Autor de “Senna e Prost, La Sfida Infinita” (em italiano, o duelo sem fim), publicado em janeiro, o jornalista Umberto Zapelloni afirmou que a idolatria dos italianos por Senna começou bem antes do acidente. Nos anos 1980, a F1 contava com grande cobertura na Itália, com transmissão em canais abertos, e repórteres que viajavam para acompanhar as corridas.
“Mas eram anos em que a Ferrari não ia muito bem. Então, foi preciso se encantar por outros heróis. O torcedor se afeiçoou mais por Senna do que por Prost [Alain, piloto francês]”, disse Zapelloni.
No âmbito esportivo, em suma, o brasileiro havia conquistado fãs com desempenhos espetaculares. Mas sua fama extrapolou o automobilismo. “O fato de ele falar italiano ajudou que se tornasse popular. Isso facilitou o relacionamento com a TV, onde Senna falava sem precisar de tradução. Entrava na casa de todos”, declarou o jornalista.
Para Minardi, a passagem de Ayrton pela Itália no fim dos anos 1970, quando correu de kart por uma equipe de Milão, fez diferença. “Isso o levou a ter hábitos e gostos um pouco italianos, como o pela comida. Ele criou afeto pelos italianos, que lhe retribuíram depois.”
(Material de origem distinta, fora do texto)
definition G :: "real \<Rightarrow> real" where
  "G y = b * y^2 - a * y + c"

definition R :: "real \<Rightarrow> real \<Rightarrow> real" where
  "R t y = (A t * y^2 + B t * y + C t) / G y"

definition barrier_levels :: "real set" where
  "barrier_levels = {y. y = 0 \<or> G y = 0}"

lemma sigma_Q_pos: "t \<in> {0..1} \<Longrightarrow> 0 < \<sigma> * Q t y"
  unfolding Q_def by (rule definite)

lemma Q_eq_at_root_of_G: "G \<rho> = 0 \<Longrightarrow> (A t * \<rho>^2 + B t * \<rho> + C t) * (2 * b * \<rho> - a) = Q t \<rho>"
proof -
  assume "G \<rho> = 0"
  have "(A t * \<rho>^2 + B t * \<rho> + C t) * (2 * b * \<rho> - a) = Q t \<rho> + (2 * A t * \<rho> + B t) * G \<rho>"
    unfolding Q_def G_def by (simp add: algebra_simps power2_eq_square power3_eq_cube)
  with \<open>G \<rho> = 0\<close> show ?thesis
    by simp
qed

lemma R_has_real_derivative:
  assumes "G y \<noteq> 0"
  shows "(R t has_real_derivative - Q t y / (G y)^2) (at y)"
proof -
  have "(R t has_real_derivative
      ((2 * A t * y + B t) * G y - (A t * y^2 + B t * y + C t) * (2 * b * y - a)) / (G y * G y)) (at y)"
    unfolding R_def G_def using assms[unfolded G_def]
    by (auto intro!: derivative_eq_intros simp: algebra_simps)
  moreover have "(2 * A t * y + B t) * G y - (A t * y^2 + B t * y + C t) * (2 * b * y - a) = - Q t y"
    unfolding Q_def G_def by (simp add: algebra_simps power2_eq_square)
  ultimately show ?thesis
    by (simp add: power2_eq_square)
qed

lemma sigma_R_diff_neg:
  assumes "t \<in> {0..1}" "y < y'" and nonzero: "\<And>\<eta>. \<eta> \<in> {y..y'} \<Longrightarrow> G \<eta> \<noteq> 0"
  shows "\<sigma> * (R t y' - R t y) < 0"
proof -
  obtain \<eta> where "\<eta> \<in> {y<..<y'}" and \<eta>: "R t y' - R t y = - Q t \<eta> / (G \<eta>)^2 * (y' - y)"
    using mvt_real_derivative_within[OF \<open>y < y'\<close> subset_UNIV, of "R t" "\<lambda>\<eta>. - Q t \<eta> / (G \<eta>)^2"]
      R_has_real_derivative nonzero by auto
  then have "0 < (G \<eta>)^2"
    using nonzero by simp
  with sigma_Q_pos[OF \<open>t \<in> {0..1}\<close>, of \<eta>] \<open>y < y'\<close> have "0 < \<sigma> * Q t \<eta> / (G \<eta>)^2 * (y' - y)"
    by simp
  moreover have "\<sigma> * (R t y' - R t y) = - (\<sigma> * Q t \<eta> / (G \<eta>)^2 * (y' - y))"
    using \<eta> by simp
  ultimately show ?thesis
    by linarith
qed

lemma periodic_solution_avoids_root_of_G:
  assumes x: "abel_solution A B C x" "x 0 = x 1"
    and "G \<rho> = 0" "\<rho> \<noteq> 0" "t \<in> {0..1}"
  shows "x t \<noteq> \<rho>"
proof -
  have transversal: "0 < \<sigma> * (A s * \<rho>^2 + B s * \<rho> + C s) * (2 * b * \<rho> - a)" if "s \<in> {0..1}" for s
    using sigma_Q_pos[OF that, of \<rho>] Q_eq_at_root_of_G[OF \<open>G \<rho> = 0\<close>, of s] by (simp add: mult.assoc)
  define k where "k = \<sigma> * (2 * b * \<rho> - a) * \<rho>"
  have "k \<noteq> 0"
    using transversal[OF \<open>t \<in> {0..1}\<close>] \<open>\<rho> \<noteq> 0\<close> unfolding k_def by auto
  define f' where "f' s = k * (A s * (x s)^3 + B s * (x s)^2 + C s * x s)" for s
  have deriv: "((\<lambda>s. k * (x s - \<rho>)) has_real_derivative f' s) (at s within {0..1})"
    if "s \<in> {0..1}" for s
    unfolding f'_def using abel_solution_has_real_derivative[OF x(1) that]
    by (auto intro!: derivative_eq_intros)
  have "0 < f' s" if "s \<in> {0..1}" "k * (x s - \<rho>) = 0" for s
  proof -
    have "x s = \<rho>"
      using that(2) \<open>k \<noteq> 0\<close> by simp
    then have "f' s = \<rho>^2 * (\<sigma> * (A s * \<rho>^2 + B s * \<rho> + C s) * (2 * b * \<rho> - a))"
      unfolding f'_def k_def by (simp add: algebra_simps power2_eq_square power3_eq_cube)
    with transversal[OF that(1)] \<open>\<rho> \<noteq> 0\<close> show ?thesis
      by simp
  qed
  with deriv have "k * (x t - \<rho>) \<noteq> 0"
    by (rule nonzero_if_upward_zero_crossings_periodic) (use x(2) \<open>t \<in> {0..1}\<close> in auto)
  then show ?thesis
    by auto
qed

lemma nonzero_periodic_orbit_avoids_barrier_levels:
  assumes "x \<in> nonzero_periodic_orbits A B C" "t \<in> {0..1}"
  shows "x t \<notin> barrier_levels"
proof
  assume "x t \<in> barrier_levels"
  moreover have "x t \<noteq> 0"
    using nonzero_periodic_orbit_nonzero[OF assms] .
  moreover have "abel_solution A B C x" "x 0 = x 1"
    using assms(1) unfolding nonzero_periodic_orbits_def by auto
  ultimately show False
    using periodic_solution_avoids_root_of_G[of x "x t" t] assms(2)
    unfolding barrier_levels_def by auto
qed

lemma nonzero_periodic_orbit_less_iff:
  assumes "x \<in> nonzero_periodic_orbits A B C" "z \<in> barrier_levels" "t \<in> {0..1}"
  shows "z < x t \<longleftrightarrow> z < x 0"
proof -
  have "continuous_on {0..1} x"
    using assms(1) abel_solution_continuous_on unfolding nonzero_periodic_orbits_def by blast
  then have cont: "continuous_on {0..1} (\<lambda>s. x s - z)" "continuous_on {0..1} (\<lambda>s. z - x s)"
    by (auto intro!: continuous_intros)
  have avoid: "x s \<noteq> z" if "s \<in> {0..1}" for s
    using nonzero_periodic_orbit_avoids_barrier_levels[OF assms(1) that] assms(2) by auto
  then consider "z < x 0" | "x 0 < z"
    by (meson atLeastAtMost_iff linorder_neqE_linordered_idom zero_le_one order_refl)
  then show ?thesis
  proof cases
    case 1
    then have "0 < x t - z"
      using pos_if_continuous_nonzero_connected[OF cont(1) connected_Icc, of 0 t] avoid assms(3)
      by auto
    with 1 show ?thesis
      by simp
  next
    case 2
    then have "0 < z - x t"
      using pos_if_continuous_nonzero_connected[OF cont(2) connected_Icc, of 0 t] avoid assms(3)
      by auto
    with 2 show ?thesis
      by simp
  qed
qed
lemma weak_O_run_expansion:
  assumes \<psi>: "\<And>i. i \<in> I \<Longrightarrow> moment_bounded (\<psi> i)"
    and L: "\<And>i f. i \<in> I \<Longrightarrow> test_fun f \<Longrightarrow> test_fun (L i f)"
    and order: "\<And>i f. i \<in> I \<Longrightarrow> test_fun f \<Longrightarrow>
      weak_O (\<lambda>\<eta> z. (\<integral>y. f y \<partial>\<psi> i \<eta> z) - texp p (\<eta> * \<kappa>) (L i) f z) (\<lambda>\<eta>. \<eta> ^ (p + 1))"
    and "n \<le> p" and \<phi>: "test_fun \<phi>"
  shows "set is \<subseteq> I \<Longrightarrow>
    weak_O (\<lambda>\<eta> z. (\<integral>y. \<phi> y \<partial>run (\<lambda>i. \<psi> i \<eta>) is z) - (\<Sum>k\<le>n. \<eta> ^ k * exp_product_coeff L \<kappa> \<phi> is k z))
      (\<lambda>\<eta>. \<eta> ^ (n + 1))"
proof (induction "is")
  case Nil
  have "(\<integral>y. \<phi> y \<partial>run (\<lambda>i. \<psi> i \<eta>) [] z) = (\<Sum>k\<le>n. \<eta> ^ k * exp_product_coeff L \<kappa> \<phi> [] k z)" for \<eta> z
  proof -
    have "(\<Sum>k\<le>n. \<eta> ^ k * exp_product_coeff L \<kappa> \<phi> [] k z) = (\<Sum>k\<le>n. if k = 0 then \<phi> z else 0)"
      by (intro sum.cong) auto
    then show ?thesis using test_fun_borel_measurable[OF \<phi>] by (simp add: integral_return)
  qed
  then show ?case by (simp add: weak_O_zero)
next
  case (Cons i "is")
  have "set is \<subseteq> I" using Cons.prems by simp
  define F where "F \<eta> y = (\<integral>x. \<phi> x \<partial>run (\<lambda>i. \<psi> i \<eta>) is y)" for \<eta> y
  have F_meas: "F \<eta> \<in> borel_measurable borel" if "\<eta> > 0" for \<eta>
    unfolding F_def using that \<open>set is \<subseteq> I\<close> \<psi> test_fun_borel_measurable[OF \<phi>]
    by (intro measurable_integral_run moment_boundedD(1)) auto
  have step: "weak_O (\<lambda>\<eta> z. (\<integral>y. F \<eta> y \<partial>\<psi> i \<eta> z)
      - (\<Sum>m\<le>n. \<eta> ^ m * exp_product_coeff L \<kappa> \<phi> (i # is) m z)) (\<lambda>\<eta>. \<eta> ^ (n + 1))"
    unfolding exp_product_coeff.simps
  proof (rule weak_O_expansion_step[where G = "exp_product_coeff L \<kappa> \<phi> is" and F = F])
    have "i \<in> I" using Cons.prems by simp
    then show "moment_bounded (\<psi> i)"
      and "\<And>f. test_fun f \<Longrightarrow> test_fun (L i f)"
      and "\<And>f. test_fun f \<Longrightarrow> weak_O (\<lambda>\<eta> z. (\<integral>y. f y \<partial>\<psi> i \<eta> z)
          - texp p (\<eta> * \<kappa>) (L i) f z) (\<lambda>\<eta>. \<eta> ^ (p + 1))"
      using \<psi> L order by auto
    show "test_fun (exp_product_coeff L \<kappa> \<phi> is j)" for j
      using \<open>set is \<subseteq> I\<close> L by (intro test_fun_exp_product_coeff[OF \<phi>]) auto
    show "weak_O (\<lambda>\<eta> y. F \<eta> y - (\<Sum>j\<le>n. \<eta> ^ j * exp_product_coeff L \<kappa> \<phi> is j y)) (\<lambda>\<eta>. \<eta> ^ (n + 1))"
      using Cons.IH \<open>set is \<subseteq> I\<close> unfolding F_def by simp
  qed (use \<open>n \<le> p\<close> F_meas in auto)
  have run_Cons: "\<forall>\<^sub>F \<eta> in at_right 0. \<forall>z.
      (\<integral>y. \<phi> y \<partial>run (\<lambda>i. \<psi> i \<eta>) (i # is) z) = (\<integral>y. F \<eta> y \<partial>\<psi> i \<eta> z)"
    unfolding F_def using Cons.prems by (intro eventually_integral_run_Cons[OF \<psi> \<phi>]) auto
  show ?case
    by (rule weak_O_eventually_cong[OF step]) (use run_Cons in \<open>eventually_elim, simp\<close>)
qed
lemma L2w_sq_Kop_mult_le:
  fixes V :: "(real^3) set" and \<sigma> \<tau> v :: "real^3 \<Rightarrow> real"
  assumes "convex V" and V_borel: "V \<in> sets borel"
    and \<sigma>_meas: "set_borel_measurable borel V \<sigma>" and \<sigma>_pos: "\<And>x. x \<in> V \<Longrightarrow> 0 < \<sigma> x"
    and \<sigma>_le: "\<And>x. x \<in> V \<Longrightarrow> \<sigma> x \<le> C"
    and \<tau>_meas: "set_borel_measurable borel V \<tau>" and v_meas: "set_borel_measurable lebesgue V v"
  shows "L2w_sq V \<sigma> (Kop \<sigma> V (\<lambda>r. \<tau> r * v r))
           \<le> (e2ennreal (Linf_norm V (\<lambda>r. \<tau> r / \<sigma> r)))\<^sup>2 * L2w_sq V \<sigma> v"
proof -
  define M where "M = e2ennreal (Linf_norm V (\<lambda>r. \<tau> r / \<sigma> r))"
  define \<sigma>0 where "\<sigma>0 = (\<lambda>x. indicator V x * \<sigma> x)"
  define \<tau>0 where "\<tau>0 = (\<lambda>x. indicator V x * \<tau> x)"
  obtain vb where [measurable]: "vb \<in> borel_measurable borel" and vb: "AE x in lborel. x \<in> V \<longrightarrow> v x = vb x"
    using set_borel_measurable_lebesgue_obtain_borel[OF v_meas] by blast
  define u0 where "u0 = (\<lambda>x. \<tau>0 x * vb x)"
  have \<sigma>0_meas [measurable]: "\<sigma>0 \<in> borel_measurable borel" and [measurable]: "\<tau>0 \<in> borel_measurable borel"
    using \<sigma>_meas \<tau>_meas by (simp_all add: \<sigma>0_def \<tau>0_def set_borel_measurable_def)
  have u0_meas [measurable]: "u0 \<in> borel_measurable borel" unfolding u0_def by measurable
  have \<sigma>0_nonneg: "0 \<le> \<sigma>0 x" for x
    using \<sigma>_pos[of x] by (simp add: \<sigma>0_def indicator_def less_imp_le)
  have u0_supp: "u0 x = 0" if "\<sigma>0 x = 0" for x
    using that \<sigma>_pos[of x] by (auto simp: \<sigma>0_def \<tau>0_def u0_def indicator_def split: if_splits)
  have "set_borel_measurable lebesgue V (\<lambda>r. \<tau> r * v r)"
  proof -
    have "(\<lambda>x. indicator V x * v x) \<in> borel_measurable lebesgue"
      using v_meas by (simp add: set_borel_measurable_def)
    then have "(\<lambda>x. \<tau>0 x * (indicator V x * v x)) \<in> borel_measurable lebesgue"
      by (rule borel_measurable_times[OF measurable_completion, rotated]) simp
    moreover have "(\<lambda>x. \<tau>0 x * (indicator V x * v x)) = (\<lambda>x. indicator V x *\<^sub>R (\<tau> x * v x))"
      by (auto simp: \<tau>0_def indicator_def)
    ultimately show ?thesis
      unfolding set_borel_measurable_def by simp
  qed
  then have "Kop \<sigma> V (\<lambda>r. \<tau> r * v r) r = (\<integral>x. kern \<sigma>0 r x * u0 x \<partial>lborel)" if "r \<in> V" for r
    using \<open>convex V\<close> that vb
    by (intro Kop_eq_lborel_integral[OF _ _ \<sigma>0_meas _ _ u0_meas])
       (auto simp: \<sigma>0_def \<tau>0_def u0_def elim: AE_mp)
  then have "L2w_sq V \<sigma> (Kop \<sigma> V (\<lambda>r. \<tau> r * v r))
      = (\<integral>\<^sup>+ r. ennreal (\<sigma>0 r * (\<integral>x. kern \<sigma>0 r x * u0 x \<partial>lborel)\<^sup>2) \<partial>lborel)"
    by (subst L2w_sq_eq_lborel[where vb="\<lambda>r. \<integral>x. kern \<sigma>0 r x * u0 x \<partial>lborel"])
       (auto simp: \<sigma>0_def mult_ac)
  also have "\<dots> \<le> (\<integral>\<^sup>+ x. ennreal ((u0 x)\<^sup>2 / \<sigma>0 x) \<partial>lborel)"
  proof (rule nn_integral_weighted_square_kernel_le)
    show "(\<lambda>p. kern \<sigma>0 (fst p) (snd p)) \<in> borel_measurable (lborel \<Otimes>\<^sub>M lborel)"
      by measurable
    show "(\<integral>\<^sup>+ x. ennreal (kern \<sigma>0 r x * \<sigma>0 x) \<partial>lborel) \<le> 1" for r
      using \<sigma>_le by (intro nn_integral_kern_weight_le_one[OF \<sigma>0_meas \<sigma>0_nonneg, where C="max C 0"])
        (simp add: \<sigma>0_def indicator_def le_max_iff_disj)
  qed (auto simp: kern_nonneg kern_commute \<sigma>0_nonneg u0_supp lborel.sigma_finite_measure_axioms)
  also have "\<dots> \<le> (\<integral>\<^sup>+ x. M\<^sup>2 * ennreal ((vb x)\<^sup>2 * \<sigma>0 x) \<partial>lborel)"
  proof (rule nn_integral_mono_AE)
    have "V \<in> sets lebesgue" using V_borel by (simp add: sets_completionI_sets)
    from AE_le_Linf_norm[OF this, of "\<lambda>r. \<tau> r / \<sigma> r"]
    show "AE x in lborel. ennreal ((u0 x)\<^sup>2 / \<sigma>0 x) \<le> M\<^sup>2 * ennreal ((vb x)\<^sup>2 * \<sigma>0 x)"
    proof eventually_elim
      case (elim x)
      show ?case
      proof (cases "x \<in> V")
        case True
        have "(u0 x)\<^sup>2 / \<sigma>0 x = ((vb x)\<^sup>2 * \<sigma>0 x) * \<bar>\<tau> x / \<sigma> x\<bar>\<^sup>2"
          using \<sigma>_pos[OF True] True by (simp add: u0_def \<tau>0_def \<sigma>0_def field_simps power2_eq_square)
        also have "ennreal \<dots> = ennreal ((vb x)\<^sup>2 * \<sigma>0 x) * (ennreal \<bar>\<tau> x / \<sigma> x\<bar>)\<^sup>2"
          using \<sigma>0_nonneg[of x] by (simp add: ennreal_mult ennreal_power)
        also have "\<dots> \<le> ennreal ((vb x)\<^sup>2 * \<sigma>0 x) * M\<^sup>2"
          using elim True unfolding M_def by (intro mult_left_mono power_mono) auto
        finally show ?thesis by (simp add: mult.commute)
      qed (simp add: u0_def \<tau>0_def)
    qed
  qed
  also have "\<dots> = M\<^sup>2 * (\<integral>\<^sup>+ x. ennreal ((vb x)\<^sup>2 * \<sigma>0 x) \<partial>lborel)"
    by (rule nn_integral_cmult) measurable
  also have "\<dots> = M\<^sup>2 * L2w_sq V \<sigma> v"
    by (simp add: L2w_sq_eq_lborel[OF vb] \<sigma>0_def)
  finally show ?thesis unfolding M_def .
qed

lemma set_borel_measurable_add:
  fixes f g :: "'a \<Rightarrow> real"
  assumes "set_borel_measurable M S f" and "set_borel_measurable M S g"
  shows "set_borel_measurable M S (\<lambda>x. f x + g x)"
  using borel_measurable_add[OF assms[unfolded set_borel_measurable_def]]
  unfolding set_borel_measurable_def by (simp add: distrib_left)

theorem theorem1:
  fixes V :: "(real^3) set"
    and \<sigma>S \<sigma>A \<sigma>star :: "real^3 \<Rightarrow> real"
    and sSmin sSmax sAmin sAmax sstmin sstmax :: real
  assumes V_open: "open V" and V_bounded: "bounded V" and V_convex: "convex V" and V_ne: "V \<noteq> {}"
    and \<sigma>S_meas: "set_borel_measurable borel V \<sigma>S"
    and \<sigma>A_meas: "set_borel_measurable borel V \<sigma>A"
    and \<sigma>star_meas: "set_borel_measurable borel V \<sigma>star"
    and sS_pos: "0 < sSmin" and \<sigma>S_bnd: "\<forall>r\<in>V. sSmin \<le> \<sigma>S r \<and> \<sigma>S r \<le> sSmax"
    and sA_pos: "0 < sAmin" and \<sigma>A_bnd: "\<forall>r\<in>V. sAmin \<le> \<sigma>A r \<and> \<sigma>A r \<le> sAmax"
    and sst_pos: "0 < sstmin" and \<sigma>star_bnd: "\<forall>r\<in>V. sstmin \<le> \<sigma>star r \<and> \<sigma>star r \<le> sstmax"
  shows "\<forall>v. set_borel_measurable lebesgue V v \<longrightarrow>
           L2w_sq V (\<lambda>r. \<sigma>S r + \<sigma>A r) v < \<infinity> \<longrightarrow>
           L2w_sq V (\<lambda>r. \<sigma>S r + \<sigma>A r) (Kop (\<lambda>r. \<sigma>S r + \<sigma>A r) V (\<lambda>r. \<sigma>star r * v r))
             \<le> (e2ennreal (Linf_norm V (\<lambda>r. \<sigma>star r / (\<sigma>S r + \<sigma>A r))))\<^sup>2
                * L2w_sq V (\<lambda>r. \<sigma>S r + \<sigma>A r) v"
proof (intro allI impI)
  fix v :: "real^3 \<Rightarrow> real"
  assume "set_borel_measurable lebesgue V v"
  moreover have "0 < \<sigma>S r + \<sigma>A r" and "\<sigma>S r + \<sigma>A r \<le> sSmax + sAmax" if "r \<in> V" for r
    using that sS_pos sA_pos \<sigma>S_bnd \<sigma>A_bnd by fastforce+
  ultimately show "L2w_sq V (\<lambda>r. \<sigma>S r + \<sigma>A r) (Kop (\<lambda>r. \<sigma>S r + \<sigma>A r) V (\<lambda>r. \<sigma>star r * v r))
      \<le> (e2ennreal (Linf_norm V (\<lambda>r. \<sigma>star r / (\<sigma>S r + \<sigma>A r))))\<^sup>2 * L2w_sq V (\<lambda>r. \<sigma>S r + \<sigma>A r) v"
    using V_convex V_open \<sigma>star_meas set_borel_measurable_add[OF \<sigma>S_meas \<sigma>A_meas]
    by (intro L2w_sq_Kop_mult_le) auto
qed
Senna, porém, era também visto como religioso, o que contou a seu favor no país que envolve o Vaticano. “O fato de que ele falasse de sua ligação com Deus impressionava muito os italianos, como quando disse ter tido uma visão no GP do Japão [em 1988]. Naquela época, não havia outros esportistas que falassem assim de religião”, observou Zapelloni.
Outro ponto que causou boa impressão, todavia, foram as ações de caridade de Senna. Após sua morte, foi revelado que ele visitava com frequência, em Ímola, um jovem vítima de acidente que tinha ficado paraplégico. “Ele ia escondido”, assegurou Minardi.
Em 1994, quando se especulava que ele poderia finalmente correr pela Ferrari no ano seguinte, ocorreu o acidente, seguido de uma onda de comoção nacional. Logo depois, um dos maiores músicos italianos da época, Lucio Dalla (1943-2012), lançou “Ayrton”, canção em homenagem ao brasileiro.
“A morte em pista, na Itália, contribuiu para amplificar ainda mais esse conceito de mito, que ainda hoje é transmitido. Muitos jovens pilotos italianos dizem que se inspiram nele, mesmo que o tenham visto correr só no YouTube”, disse Zapelloni.